По рождению Шатай был дикарём. Вырос в жестоком племени, сражался и убивал, и многие в Тяпенках запомнили его не как спасителя деревни, а как того, кто с Иссохшим Дубом вместе резал невинных. Но Крапива знала и иного Шатая: поющего нежные песни, гребнем расчёсывающего ей волосы, робкого и заботливого. Оттого не ждала от него беды. Зря, наверное…

Он вёл её на задний двор. Крапива и слепой бы не упала на знакомых тропинках, но шлях всё равно завязал ей глаза платком.

– Удумал тоже, – бормотала она недовольно. – О чём думаешь, глупый? К битве готовиться надобно, а ты что?

– А я, можэт, и готовлюсь, – таинственно отвечал Шатай. – Нэ дам тэбя в обиду. Вэришь, аэрдын?

Крапива вздохнула. Верить-то она верила, да вот к добру ли? Прохладные ладони шляха придерживали её маленько ниже пояса. Вроде и неприлично, а выворачиваться не хочется… Забегавшись со всеми вместе, девка и не заметила, как взопрела. Дождь не оканчивался, стоял сырой пеленой в воздухе, потому делалось ещё жарче. Шатай же успокаивающе поглаживал её по бедру, и девка не противилась – сладко!

Ну как в последний раз касается её Шатай? Что Влас боле к ней не подступится, Крапива знала точно и, хоть горьким было это знание, радовалась. Княжич выживет. Вернётся в терем да выбросит из головы упрямую травознайку. А там, глядишь, найдёт себе ровню да заживёт счастливо. Глупая-глупая лекарка! Откуда ж ей знать, что в обозе, что отъезжал от Тяпенок, Власа не было. Хмурый Тур и брат его Несмеяныч, многие из селян, Ласса, мать с отцом и братишки были… Но не княжич.

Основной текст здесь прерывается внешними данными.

(* Let $\Omega\subset\mathbb{R}^n$ be a domain, $\mathcal{S}$ any basis of shapes in $\Omega$, $1\le p<\infty$, and $f_1,f_2$ real-valued functions in $\mathrm{BMO}^p_{\mathcal{S}}(\Omega)$. Then $\max(f_1,f_2)$ and $\min(f_1,f_2)$ belong to $\mathrm{BMO}^p_{\mathcal{S}}(\Omega)$ with $$\|\max(f_1,f_2)\|_{\mathrm{BMO}^p_{\mathcal{S}}}\le\frac{1+c_{|\cdot|}(p,\mathcal{S})}{2}\big(\|f_1\|_{\mathrm{BMO}^p_{\mathcal{S}}}+\|f_2\|_{\mathrm{BMO}^p_{\mathcal{S}}}\big),$$ and the same bound for $\|\min(f_1,f_2)\|_{\mathrm{BMO}^p_{\mathcal{S}}}$.
   Context: A domain is an open connected set. A shape is an open set with $0<|S|<\infty$; a basis of shapes in $\Omega$ is a collection of shapes contained in $\Omega$ covering $\Omega$. For $f\in L^1(S)$, $f_S=\frac1{|S|}\int_Sf$. $\mathrm{BMO}^p_{\mathcal{S}}(\Omega)$ is the space of $f$ with $f\in L^1(S)$ for all $S\in\mathcal{S}$ and $\|f\|_{\mathrm{BMO}^p_{\mathcal{S}}}:=\sup_{S\in\mathcal{S}}\big(\frac1{|S|}\int_S|f-f_S|^p\big)^{1/p}<\infty$. $c_{|\cdot|}(p,\mathcal{S})$ denotes the smallest constant $c$ such that $\||f|\|_{\mathrm{BMO}^p_{\mathcal{S}}}\le c\|f\|_{\mathrm{BMO}^p_{\mathcal{S}}}$ for all real-valued $f\in\mathrm{BMO}^p_{\mathcal{S}}(\Omega)$ (it is known that $1\le c_{|\cdot|}(p,\mathcal{S})\le2$). *)

theory Defs
  imports "HOL-Analysis.Analysis"
begin

definition is_domain :: "'a::euclidean_space set \<Rightarrow> bool" where
  "is_domain \<Omega> \<longleftrightarrow> open \<Omega> \<and> connected \<Omega> \<and> \<Omega> \<noteq> {}"

definition is_shape :: "'a::euclidean_space set \<Rightarrow> bool" where
  "is_shape S \<longleftrightarrow> open S \<and> 0 < emeasure lebesgue S \<and> emeasure lebesgue S < \<infinity>"

definition basis_of_shapes :: "'a::euclidean_space set set \<Rightarrow> 'a set \<Rightarrow> bool" where
  "basis_of_shapes \<SS> \<Omega> \<longleftrightarrow> (\<forall>S\<in>\<SS>. is_shape S \<and> S \<subseteq> \<Omega>) \<and> \<Union>\<SS> = \<Omega>"

definition avg :: "'a::euclidean_space set \<Rightarrow> ('a \<Rightarrow> real) \<Rightarrow> real" where
  "avg S f = (LINT x:S|lebesgue. f x) / measure lebesgue S"

definition mean_osc :: "real \<Rightarrow> 'a::euclidean_space set \<Rightarrow> ('a \<Rightarrow> real) \<Rightarrow> ennreal" where
  "mean_osc p S f = (\<integral>\<^sup>+ x\<in>S. ennreal (\<bar>f x - avg S f\<bar> powr p) \<partial>lebesgue) / emeasure lebesgue S"

definition in_BMO :: "real \<Rightarrow> 'a::euclidean_space set set \<Rightarrow> ('a \<Rightarrow> real) \<Rightarrow> bool" where
  "in_BMO p \<SS> f \<longleftrightarrow> (\<forall>S\<in>\<SS>. set_integrable lebesgue S f) \<and>
     (\<exists>C::real. \<forall>S\<in>\<SS>. mean_osc p S f \<le> ennreal C)"

text \<open>The BMO^p_S seminorm (meaningful for f in BMO^p_S and nonempty basis).\<close>
definition BMO_norm :: "real \<Rightarrow> 'a::euclidean_space set set \<Rightarrow> ('a \<Rightarrow> real) \<Rightarrow> real" where
  "BMO_norm p \<SS> f = (SUP S\<in>\<SS>. enn2real (mean_osc p S f) powr (1 / p))"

Сама Крапива пожелала остаться вопреки воле родичей.

– Рожаница не зря наделила меня даром, – сказала аэрдын. – Я буду помогать раненым.

Остался Шатай, мужики, что всех лучше владели оружием, Матка Свея. А вот о том, что с ними вместе к бою готовился княжич, Крапива не ведала.

– Прэшли.

Крапива потянулась снять платок, но прохладные руки перехватили её.

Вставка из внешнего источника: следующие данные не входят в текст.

lemma deg_rstirling2_egf_nth:
  "(dexp_fps lam (real r) * (dexp_fps lam 1 - 1) ^ k) $ n
   = of_real (fact k * deg_rstirling2 lam r n k / fact n)"
proof (cases "k \<le> n")
  case True
  define P where "P i = (dexp_fps lam (real r) * (dexp_fps lam 1 - 1) ^ i) $ n" for i
  have "(\<Sum>i\<le>n. of_real (ffall (real j) i) * (of_nat (fact n) / of_nat (fact i) * P i))
        = of_real (dfall lam (real j + real r) n)" if "j \<le> n" for j
  proof -
    have "(\<Sum>i\<le>n. of_nat (j choose i) * P i) = (\<Sum>i\<le>j. of_nat (j choose i) * P i)"
      using that by (intro sum.mono_neutral_right) auto
    also have "\<dots> = (dexp_fps lam (real r) * dexp_fps lam 1 ^ j) $ n"
      unfolding dexp_fps_power_binomial P_def ..
    also have "\<dots> = of_real (dfall lam (real j + real r) n / fact n)"
      by (simp add: dexp_fps_power dexp_fps_add add.commute)
    finally show ?thesis
      by (simp add: ffall_of_nat sum_distrib_left field_simps)
  qed
  from deg_rstirling2_rec_unique [OF this True] show ?thesis
    by (simp add: P_def deg_rstirling2_eq_rec field_simps)
next
  case False
  then have "(dexp_fps lam (real r) * (dexp_fps lam 1 - 1) ^ k) $ n = 0"
    unfolding fps_mult_nth by (intro sum.neutral) (simp add: startsby_zero_power_prefix)
  with False show ?thesis
    by (simp add: deg_rstirling2_eq_rec deg_rstirling2_rec_eq_0)
qed

lemma deg_rbell_egf:
  "Abs_fps (\<lambda>n. of_real (deg_rbell lam r n x / fact n))
   = dexp_fps lam (real r) * (fps_exp 1 oo fps_const (of_real x) * (dexp_fps lam 1 - 1))"
proof (rule fps_ext)
  fix n
  let ?D = "dexp_fps lam (real r)" and ?E = "dexp_fps lam 1"
  have "(?D * (fps_exp 1 oo fps_const (of_real x) * (?E - 1))) $ n
        = (\<Sum>i\<le>n. (?D * (fps_const (of_real x) * (?E - 1)) ^ i) $ n / of_nat (fact i))"
    by (subst fps_mult_compose_nth) simp_all
  also have "\<dots> = (\<Sum>i\<le>n. of_real (deg_rstirling2 lam r n i * x ^ i / fact n))"
  proof (rule sum.cong [OF refl])
    fix i
    have "(?D * (fps_const (of_real x) * (?E - 1)) ^ i) $ n
          = of_real x ^ i * (?D * (?E - 1) ^ i) $ n"
      by (simp add: power_mult_distrib mult.left_commute [of ?D] fps_const_power)
    then show "(?D * (fps_const (of_real x) * (?E - 1)) ^ i) $ n / of_nat (fact i)
               = of_real (deg_rstirling2 lam r n i * x ^ i / fact n)"
      by (simp add: deg_rstirling2_egf_nth field_simps)
  qed
  finally show "Abs_fps (\<lambda>n. of_real (deg_rbell lam r n x / fact n)) $ n
                = (?D * (fps_exp 1 oo fps_const (of_real x) * (?E - 1))) $ n"
    by (simp add: deg_rbell_def sum_divide_distrib mult.commute)
qed

theorem theorem8:
  fixes lam :: real and r :: nat and z :: complex
  defines "X \<equiv> (\<lambda>\<psi>. (\<lambda>m. cre (ann \<psi>) m + of_nat r * \<psi> m))"
  shows "Abs_fps (\<lambda>n. complex_of_real (deg_rbell lam r n ((cmod z)^2) / fact n))
           = Abs_fps (\<lambda>n. braket (coherent z) (op_dfall lam X n (coherent z)) / of_nat (fact n))
         \<and> Abs_fps (\<lambda>n. braket (coherent z) (op_dfall lam X n (coherent z)) / of_nat (fact n))
           = dexp_fps lam (real r)
             * (fps_exp 1 oo (fps_const (complex_of_real ((cmod z)^2)) * (dexp_fps lam 1 - 1)))"
proof -
  have "Abs_fps (\<lambda>n. complex_of_real (deg_rbell lam r n ((cmod z)^2) / fact n))
        = Abs_fps (\<lambda>n. braket (coherent z) (op_dfall lam X n (coherent z)) / of_nat (fact n))"
    by (simp add: X_def braket_coherent_op_dfall)
  with deg_rbell_egf [of lam r "(cmod z)^2"] show ?thesis
    by simp
qed

end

– Аэрдын, отвэть, – голос шляха дрогнул, – отвэть правду…

– О чём?

– Ты сказала, что дэржишь слово и станэшь моей жэной по срэдинным обычаям.

– Да…

Шатай обвил её руками и прижался всем телом к спине. Лихорадочные то были объятия, сулящие дурное.

– Но нэ сказала… любишь ли.

Он убрал выбившиеся из пшеничной косы пряди и несмело коснулся шеи губами. Крапива охнула, ажно колени подогнулись от лёгкого поцелуя! Краска залила её лицо, Крапива вновь потянулась снять повязку, и вновь шлях не позволил.

– Отвэчай, – потребовал он.

Сердце затрепетало в груди. Не так надобно говорить с женихом! Не перед сражением, не мучаясь страхом, что его жизнь унесёт чей-то клинок. И уж точно не тогда, когда каждое слово из тебя щипцами тянут. Крапива сжала руки в кулаки.

– Я отвечу. Но лишь после битвы.

Шатай прижался теменем к её затылку и не то засмеялся, не то заскулил.

– Значэт нэт…

– Зачем говоришь так? Шатай!

Она рванулась. Нырнуть в его серые глаза, как в омуты, зарыться пальцами в жёсткие соломенные волосы, утонуть в ласках… Телом объяснить то, что не поворачивается сказать язык.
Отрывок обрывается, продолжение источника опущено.